▸ MATERIAL SHOWN:

■ ■ ■ ■

(* For every $w_0\in V$ and every $(a,b)\in\partial A_1\times V$, $$\mathbb{E}_{w_0}\big[G(a,b)^2\big]\le 2\,\mathbb{E}_{w_0}\big[G(a,b)\big]\Big(\sup_{w'\in V}\mathbb{E}_{w'}\big[G(a,b)\big]+\sup_{(w,y)\in V\times\partial A_2}g_{(w,y)}(a,b)\Big).$$
   Context: Fix $d\ge3$; $(X_k)_{k\ge0}$ is simple random walk on $\mathbb{Z}^d$, $P_x$ its law from $x$, $H_A=\inf\{k\ge0:X_k\in A\}$, $\theta$ the time shift, and $\partial A=\{x\in A:\exists y\notin A,\|x-y\|=1\}$. Let $r$ be large and $s=s(r)>0$ with $s=o(r)$. $A_1$ is either $\{x:\|x\|<r\}$ or $\{x:\mathrm{dist}(x,\mathfrak{H}_{r-s})\le s\}$ with $\mathfrak{H}_{r-s}$ a discrete hypercube of edge length $r-s$; $A_2=\{x:\mathrm{dist}(x,x')>2s\ \forall x'\in A_1\}$; $V=\partial\{x:\mathrm{dist}(x,x')\le s\text{ for some }x'\in A_1\}$. For $w\in V$, $y\in\partial A_2$, $(a,b)\in\partial A_1\times V$, let $g_{(w,y)}(a,b)$ be the probability, for simple random walk started at $w$ conditioned on $X_{H_{\partial A_2}}=y$, that the walk hits $A_1$ before $\partial A_2$, its first point in $A_1$ is $a$, and its last visit to $V$ before time $H_{\partial A_2}$ is at $b$. Set $g_\Delta\equiv0$ for a cemetery state $\Delta$. Clothesline process: for a walk started at $w_0\in V$ set $D_0=0$, $R_1=H_{\partial A_2}$, and recursively $D_k=H_V\circ\theta_{R_k}+R_k$, $R_{k+1}=H_{\partial A_2}\circ\theta_{D_k}+D_k$; let $T_\Delta=\inf\{k\ge1:R_k=\infty\}$ (a.s. finite). Put $(W_k,Y_k)=(X_{D_{k-1}},X_{R_k})$ for $k<T_\Delta$ and $(W_k,Y_k)=\Delta$ for $k\ge T_\Delta$. Let $(\xi_k)_{k\ge1}$ be i.i.d. Exp(1), independent of the walk. The soft local time is $G(a,b)=\sum_{k=1}^{T_\Delta}\xi_k\,g_{(W_k,Y_k)}(a,b)$, and $\mathbb{E}_{w'}$ denotes expectation when the walk starts at $w'\in V$. *)

theory Defs
  imports "HOL-Probability.Probability"
begin

type_synonym 'd pt = "int ^ 'd"

definition edist :: "'d::finite pt \<Rightarrow> 'd pt \<Rightarrow> real" where
  "edist x y = sqrt (\<Sum>i\<in>UNIV. (real_of_int (x$i - y$i))^2)"

definition bdry :: "'d::finite pt set \<Rightarrow> 'd pt set" where
  "bdry A = {x\<in>A. \<exists>y. y \<notin> A \<and> edist x y = 1}"

definition ball_set :: "real \<Rightarrow> 'd::finite pt set" where
  "ball_set r = {x. edist x 0 < r}"

definition cube_set :: "real \<Rightarrow> 'd::finite pt set" where
  "cube_set L = {x. \<forall>i. 2 * \<bar>real_of_int (x$i)\<bar> \<le> L}"

definition nbhd :: "real \<Rightarrow> 'd::finite pt set \<Rightarrow> 'd pt set" where
  "nbhd s A = {x. \<exists>x'\<in>A. edist x x' \<le> s}"

definition A2_of :: "real \<Rightarrow> 'd::finite pt set \<Rightarrow> 'd pt set" where
  "A2_of s A1 = {x. \<forall>x'\<in>A1. edist x x' > 2 * s}"

definition V_of :: "real \<Rightarrow> 'd::finite pt set \<Rightarrow> 'd pt set" where
  "V_of s A1 = bdry (nbhd s A1)"

definition unit_steps :: "'d::finite pt set" where
  "unit_steps = {v. \<exists>i. v = (\<chi> j. if j = i then 1 else 0) \<or> v = (\<chi> j. if j = i then -1 else 0)}"

definition srw_steps :: "'d::finite pt stream measure" where
  "srw_steps = stream_space (measure_pmf (pmf_of_set unit_steps))"

definition walk :: "'d::finite pt \<Rightarrow> 'd pt stream \<Rightarrow> nat \<Rightarrow> 'd pt" where
  "walk x \<omega> k = x + (\<Sum>i<k. \<omega> !! i)"

text \<open>first time \<ge> n at which the path is in A (= n + H_A o theta_n)\<close>
definition hit_from :: "'a set \<Rightarrow> (nat \<Rightarrow> 'a) \<Rightarrow> nat \<Rightarrow> nat option" where
  "hit_from A p n = (if \<exists>k\<ge>n. p k \<in> A then Some (LEAST k. n \<le> k \<and> p k \<in> A) else None)"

■ ■ ■ ■

▸ YOUR OBJECTIVE:
What lines in the entries contain "bdry"? Report each one by copying it.

▸ ANSWER TO THIS EXERCISE:
definition bdry :: "'d::finite pt set \<Rightarrow> 'd pt set" where
  "bdry A = {x\<in>A. \<exists>y. y \<notin> A \<and> edist x y = 1}"
  "V_of s A1 = bdry (nbhd s A1)"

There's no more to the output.